Significant progress has been made to include more women in peace and security efforts throughout the United Nations system but “much more can and should be done at all levels,” both at Headquarters and in the field, Secretary-General Kofi Annan says in a report to the Security Council.

“While gender equality is increasingly recognized as a core issue in the maintenance of international peace and security, the role of women in peace processes generally continues to be viewed as a side issue rather than as fundamental to the development of viable democratic institutions and the establishment of sustainable peace,” according to the first annual report assessing progress on an Action Plan to mainstream gender perspectives into the UN’s peace and security efforts.

The report details the myriad efforts throughout the UN system being made to more systematically include women in peace efforts – from designing handbooks and wide capacity building initiatives to the UN Populations Fund’s (UNFPA) provision of rape treatment kits to 20,000 victims in Darfur - but notes there is still far more to be done and recommends a more robust reporting, monitoring and accountability system to advance fuller implementation.

The Department of Peacekeeping Operations (DPKO), for instance, now has eight full-time gender advisers on its missions, new deployments the report says is widely regarded as “one of the major capacity-development achievements” contributing to implementing the Action Plan.

At the same time the expertise of the gender advisers was “often underutilized,” in good part because the advisers were appointed at junior levels, “precluding them from access to senior officials,” the report notes.

The same is true of the expertise of the Special Adviser on Gender Issues and Advancement of Women, a pivotal figure in the UN’s gender mainstreaming efforts. “Overall the available gender expertise throughout the system was often excluded from mainstream intra and inter-organizational decisions-making processes,” the report says.

It also calls for a system-wide knowledge and information management system to serve as a repository for good practices and lessons learned to advance the Action Plan.

The Action Plan is designed to implement resolution 1325 (2000) which aims to boost women’s role in conflict prevention, peace-keeping and peace-building operations.
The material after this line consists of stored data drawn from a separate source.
(* Let $A$ be a multiset of points in $\mathbb{Z}^2$ with $|A|\geq 6$ (counting multiplicities). If $\boldsymbol{p}\in\mathbb{R}^2$ is a point with $\boldsymbol{p}\notin A$ that has half-space depth $2$ with respect to $A$, then $A$ can be partitioned into two submultisets $A_1,A_2$ with $\boldsymbol{p}\in\conv(A_1)\cap\conv(A_2)$.
   Context: A point $\boldsymbol{p}$ has half-space depth $t$ with respect to a multiset $A$ if every closed half-plane containing $\boldsymbol{p}$ contains at least $t$ points of $A$, counted with multiplicity. A partition of a multiset into submultisets means the multiplicities of each element in the parts sum to its multiplicity in the multiset. *)

theory Defs
  imports "HOL-Analysis.Analysis" "HOL-Library.Multiset"
begin

definition closed_halfplane :: "(real \<times> real) \<Rightarrow> real \<Rightarrow> (real \<times> real) set" where
  "closed_halfplane a b = {x. a \<bullet> x \<le> b}"

definition has_halfspace_depth :: "(real \<times> real) \<Rightarrow> nat \<Rightarrow> (real \<times> real) multiset \<Rightarrow> bool" where
  "has_halfspace_depth p t A \<longleftrightarrow>
     (\<forall>a b. a \<noteq> 0 \<longrightarrow> p \<in> closed_halfplane a b \<longrightarrow>
        size (filter_mset (\<lambda>x. x \<in> closed_halfplane a b) A) \<ge> t)"

definition integral_point :: "(real \<times> real) \<Rightarrow> bool" where
  "integral_point x \<longleftrightarrow> fst x \<in> \<int> \<and> snd x \<in> \<int>"

end

theory Submission
  imports Defs
begin

text \<open>Sort the points of \<open>A\<close> by their polar angle around \<open>p\<close>. The points in a closed
  half-plane bounded by a line through \<open>p\<close> then form an arc of this cyclic order, and by depth 2
  there are at least two of them. Colouring the points alternately along the cycle therefore puts
  both colours into every such half-plane, and the separation theorem places \<open>p\<close> in the convex
  hull of each colour class. If \<open>|A|\<close> is odd, one pair of cyclic neighbours must share a colour;
  it is placed at one of the pairs \<open>{0, 1}\<close>, \<open>{2, 3}\<close>, \<open>{4, 5}\<close> that no half-plane cuts off
  on its own: half-planes cutting off each of these pairs but not the point 6 would have three
  linearly independent normals in the plane.\<close>

lemma cos_minus_2pi_int [simp]: "cos (x - 2*pi * of_int k) = cos x"
  by (simp add: cos_diff)

lemma cos_nonpos: "pi/2 \<le> x \<Longrightarrow> x \<le> 3*pi/2 \<Longrightarrow> cos x \<le> 0"
  using cos_ge_zero[of "x - pi"] by simp

lemma cos_pos_imp_near_2pi_multiple:
  assumes "cos x > 0"
  obtains k :: int where "\<bar>x - 2*pi * of_int k\<bar> < pi/2"
proof
  define k where "k = \<lfloor>x/(2*pi) + 1/2\<rfloor>"
  define r where "r = x - 2*pi * of_int k"
  have "of_int k \<le> x/(2*pi) + 1/2" "x/(2*pi) + 1/2 < of_int k + 1"
    unfolding k_def by linarith+
  then have "-pi \<le> r" "r < pi"
    unfolding r_def by (simp_all add: field_simps)
  moreover have "cos r > 0"
    using assms unfolding r_def by simp
  ultimately have "r < pi/2" "-(pi/2) < r"
    using cos_nonpos[of r] cos_nonpos[of "r + 2*pi"] by force+
  then show "\<bar>x - 2*pi * of_int k\<bar> < pi/2"
    unfolding r_def by linarith
qed

lemma cos_pos_nonpos_pos_gap:
  fixes x y z :: real
  assumes "x \<le> y" "y \<le> z" "cos x > 0" "cos y \<le> 0" "cos z > 0"
  shows "z - x > pi"
proof (rule ccontr)
  assume close: "\<not> z - x > pi"
  obtain k :: int where "\<bar>x - 2*pi * of_int k\<bar> < pi/2"
    using assms(3) by (rule cos_pos_imp_near_2pi_multiple)
  then have k: "-(pi/2) < x - 2*pi * of_int k" "x - 2*pi * of_int k < pi/2"
    by arith+
  have "pi/2 \<le> y - 2*pi * of_int k"
  proof (rule ccontr)
    assume "\<not> ?thesis"
    then have "cos (y - 2*pi * of_int k) > 0"
      using k assms(1) by (intro cos_gt_zero_pi) auto
    with assms(4) show False by simp
  qed
  then have "cos (z - 2*pi * of_int k) \<le> 0"
    using k assms(2) close by (intro cos_nonpos) auto
  with assms(5) show False by simp
qed

lemma cos_signs_no_alternation:
  fixes t1 t2 t3 t4 :: real
  assumes "t1 \<le> t2" "t2 \<le> t3" "t3 \<le> t4" "t4 - t1 < 2*pi"
  shows "\<not> (cos t1 \<le> 0 \<and> cos t2 > 0 \<and> cos t3 \<le> 0 \<and> cos t4 > 0)"
    and "\<not> (cos t1 > 0 \<and> cos t2 \<le> 0 \<and> cos t3 > 0 \<and> cos t4 \<le> 0)"
proof -
  show "\<not> (cos t1 \<le> 0 \<and> cos t2 > 0 \<and> cos t3 \<le> 0 \<and> cos t4 > 0)"
  proof
    \<comment> \<open>Together with its shift by \<open>2\<pi>\<close> the pattern contains two sign changes back
      to positive, each spanning more than \<open>\<pi>\<close>, inside a window of length \<open>2\<pi>\<close>.\<close>
    assume "cos t1 \<le> 0 \<and> cos t2 > 0 \<and> cos t3 \<le> 0 \<and> cos t4 > 0"
    then have "t4 - t2 > pi" "(t2 + 2*pi) - t4 > pi"
      using cos_pos_nonpos_pos_gap[of t2 t3 t4] cos_pos_nonpos_pos_gap[of t4 "t1 + 2*pi" "t2 + 2*pi"]
        assms by auto
    then show False by simp
  qed
  show "\<not> (cos t1 > 0 \<and> cos t2 \<le> 0 \<and> cos t3 > 0 \<and> cos t4 \<le> 0)"
  proof
    assume "cos t1 > 0 \<and> cos t2 \<le> 0 \<and> cos t3 > 0 \<and> cos t4 \<le> 0"
    then have "t3 - t1 > pi" "(t1 + 2*pi) - t3 > pi"
      using cos_pos_nonpos_pos_gap[of t1 t2 t3] cos_pos_nonpos_pos_gap[of t3 t4 "t1 + 2*pi"]
        assms by auto
    then show False by simp
  qed
qed

definition polar_angle :: "real \<times> real \<Rightarrow> real" where
  "polar_angle v = (SOME t. 0 \<le> t \<and> t < 2*pi \<and> v = norm v *\<^sub>R (cos t, sin t))"

lemma polar_angle:
  assumes "v \<noteq> 0"
  shows "0 \<le> polar_angle v" "polar_angle v < 2*pi"
    and "v = norm v *\<^sub>R (cos (polar_angle v), sin (polar_angle v))"
proof -
  obtain x y where v: "v = (x, y)" by (cases v)
  define r where "r = norm v"
  have r: "r > 0" using assms unfolding r_def by simp
  have "(x/r)^2 + (y/r)^2 = (x^2 + y^2) / r^2" by (simp add: power_divide add_divide_distrib)
  also have "x^2 + y^2 = r^2" unfolding r_def v by (simp add: norm_Pair)
  finally have "(x/r)^2 + (y/r)^2 = 1" using r by simp
  then obtain t where t: "0 \<le> t" "t < 2*pi" "x/r = cos t" "y/r = sin t"
    by (rule sincos_total_2pi)
  have "v = r *\<^sub>R (cos t, sin t)" using t r by (auto simp: v field_simps)
  with t have "\<exists>t. 0 \<le> t \<and> t < 2*pi \<and> v = norm v *\<^sub>R (cos t, sin t)"
    unfolding r_def by blast
  from someI_ex[OF this] show "0 \<le> polar_angle v" "polar_angle v < 2*pi"
      "v = norm v *\<^sub>R (cos (polar_angle v), sin (polar_angle v))"
    unfolding polar_angle_def by blast+
qed

lemma inner_eq_norm_mult_cos_polar_angle:
  assumes "a \<noteq> 0" "v \<noteq> 0"
  shows "inner a v = norm a * norm v * cos (polar_angle v - polar_angle a)"
  by (subst polar_angle(3)[OF assms(1)], subst polar_angle(3)[OF assms(2)])
    (simp add: cos_diff algebra_simps)

text \<open>The sets of this form are exactly the arcs of the cycle \<open>0, 1, \<dots>, n - 1\<close>
  (including the empty and the full set).\<close>

definition cyclic_interval :: "nat \<Rightarrow> nat set \<Rightarrow> bool" where
  "cyclic_interval n S \<longleftrightarrow> (\<forall>i k l m. i < k \<longrightarrow> k < l \<longrightarrow> l < m \<longrightarrow> m < n \<longrightarrow>
     \<not> (i \<in> S \<and> k \<notin> S \<and> l \<in> S \<and> m \<notin> S) \<and> \<not> (i \<notin> S \<and> k \<in> S \<and> l \<notin> S \<and> m \<in> S))"

definition halfplane_indices :: "(real \<times> real) list \<Rightarrow> real \<times> real \<Rightarrow> nat set" where
  "halfplane_indices ws a = {i. i < length ws \<and> inner a (ws!i) \<le> 0}"

lemma halfplane_indices_cyclic_interval:
  fixes ws :: "(real \<times> real) list"
  assumes sorted: "sorted (map polar_angle ws)" and nonzero: "0 \<notin> set ws" and "a \<noteq> 0"
  shows "cyclic_interval (length ws) (halfplane_indices ws a)" (is "cyclic_interval _ ?S")
proof -
  let ?t = "\<lambda>i. polar_angle (ws!i) - polar_angle a"
  have nz: "ws!i \<noteq> 0" if "i < length ws" for i
    using nonzero that by (metis nth_mem)
  have mem: "inner a (ws!i) \<le> 0 \<longleftrightarrow> cos (?t i) \<le> 0" if "i < length ws" for i
    using \<open>a \<noteq> 0\<close> nz[OF that]
    by (simp add: inner_eq_norm_mult_cos_polar_angle[OF \<open>a \<noteq> 0\<close> nz[OF that]] mult_le_0_iff)
  have mono: "?t i \<le> ?t k" if "i \<le> k" "k < length ws" for i k
    using sorted_nth_mono[OF sorted, of i k] that by simp
  have window: "?t m - ?t i < 2*pi" if "i < length ws" "m < length ws" for i m
    using polar_angle(1,2)[OF nz[OF that(1)]] polar_angle(1,2)[OF nz[OF that(2)]] by linarith
  show ?thesis
    unfolding cyclic_interval_def
  proof (intro allI impI)
    fix i k l m assume "i < k" "k < l" "l < m" "m < length ws"
    with cos_signs_no_alternation[of "?t i" "?t k" "?t l" "?t m"] mono window mem
    show "\<not> (i \<in> ?S \<and> k \<notin> ?S \<and> l \<in> ?S \<and> m \<notin> ?S) \<and>
      \<not> (i \<notin> ?S \<and> k \<in> ?S \<and> l \<notin> ?S \<and> m \<in> ?S)"
      by (simp add: halfplane_indices_def not_less)
  qed
qed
The Action Plan was prepared by the Office of the Special Adviser on Gender Issues and Advancement of Women, in close cooperation with the Inter- Agency Network on Women and Gender Equality (IANWGE) and its Task Force on Women, Peace and Security, and draws on contributions received from 39 UN entities.
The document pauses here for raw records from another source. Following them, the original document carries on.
(* For every integer $n\ge1$, $\operatorname{num}_{\mathcal O}(n,-1)=o(n!)$, where $o(M)$ denotes the largest odd divisor of a positive integer $M$.
   Context: An odd partition of $n$ is a partition of $n$ (finite nonincreasing sequence of positive integers summing to $n$) all of whose parts are odd; $\mathcal O(n)$ is the set of odd partitions of $n$, and $m_\lambda(i)$ the number of parts of $\lambda$ equal to $i$. For $\lambda\in\mathcal O(n)$ let $h_{\mathcal O,\lambda}(x)=\prod_{i\ge1,\ i\text{ odd}}(1+x^i)^{\lfloor n/i\rfloor-m_\lambda(i)}$. Let $G_{\mathcal O}(n,x)=\gcd\{h_{\mathcal O,\lambda}(x):\lambda\in\mathcal O(n)\}$ in $\mathbb{Z}[x]$ (normalized with positive leading coefficient), and $\operatorname{num}_{\mathcal O}(n,x)=\frac{1}{G_{\mathcal O}(n,x)}\sum_{\lambda\in\mathcal O(n)}h_{\mathcal O,\lambda}(x)\in\mathbb{Z}[x]$. *)

theory Defs
  imports "HOL-Computational_Algebra.Computational_Algebra"
begin

definition odd_partitions :: "nat \<Rightarrow> nat list set" where
  "odd_partitions n = {lam. sorted_wrt (\<ge>) lam \<and> (\<forall>p\<in>set lam. 0 < p \<and> odd p)
                           \<and> sum_list lam = n}"

definition mult_part :: "nat list \<Rightarrow> nat \<Rightarrow> nat" where
  "mult_part lam i = count_list lam i"

text \<open>h_{O,lambda}(x) = prod over odd i >= 1 of (1+x^i)^(floor(n/i) - m_lambda(i)).
  For i > n the exponent is 0, so the product is taken over odd i in {1..n}.\<close>
definition h_O :: "nat \<Rightarrow> nat list \<Rightarrow> int poly" where
  "h_O n lam = (\<Prod>i\<in>{i\<in>{1..n}. odd i}. (1 + monom 1 i) ^ (n div i - mult_part lam i))"

text \<open>G_O(n,x): gcd in Z[x], normalized (positive leading coefficient).\<close>
definition G_O :: "nat \<Rightarrow> int poly" where
  "G_O n = Gcd (h_O n ` odd_partitions n)"

definition num_O :: "nat \<Rightarrow> int poly" where
  "num_O n = (\<Sum>lam\<in>odd_partitions n. h_O n lam) div G_O n"

definition largest_odd_divisor :: "nat \<Rightarrow> nat" where
  "largest_odd_divisor M = (GREATEST d. d dvd M \<and> odd d)"

end

theory Submission
  imports Defs
begin

text \<open>
  Over the complex numbers, the multiplicity of a root a in h_lam is the sum of
  floor(n/i) - m_lam(i) over the set E_a of odd i <= n with a^i = -1. When E_a is
  nonempty it consists of the odd multiples of its least element d, so at most
  floor(n/d) parts of an odd partition lie in E_a, with equality for d^(floor(n/d)) 1^(n mod d);
  and floor(n/d) is also the number of m <= n whose largest odd divisor o(m) lies in E_a.
  Comparing multiplicities root by root gives G_O = h_(1^n) / Q with
  Q = prod_(m<=n) (1 + x^o(m)) / (1 + x). At x = -1 the quotient h_lam / G_O then vanishes
  to order n - length(lam) unless lam = 1^n, so only h_(1^n) / G_O = Q contributes,
  and Q(-1) = prod_(m<=n) o(m) = o(n!).
\<close>

section \<open>Integer polynomials and their complex roots\<close>

abbreviation of_int_poly :: "int poly \<Rightarrow> 'a::comm_ring_1 poly" where
  "of_int_poly \<equiv> map_poly of_int"

lemma of_int_poly_add: "of_int_poly (p + q) = (of_int_poly p + of_int_poly q :: 'a::comm_ring_1 poly)"
  by (rule poly_eqI) (simp add: coeff_map_poly)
The report notes that the Action Plan would benefit from strengthened commitment by the UN and member states – becoming more integrated as UN “system-wide strategy” rather than a “compilation of activities” – clearer performance metrics, and from more predictable funding. “Women and peace activities are often considered as an add-on responsibility to peace and security mandates that are expected to be met within existing budgetary resources,” the report said, adding though that “the experience of the United Nations system consistently shows that this expectation is not realistic.”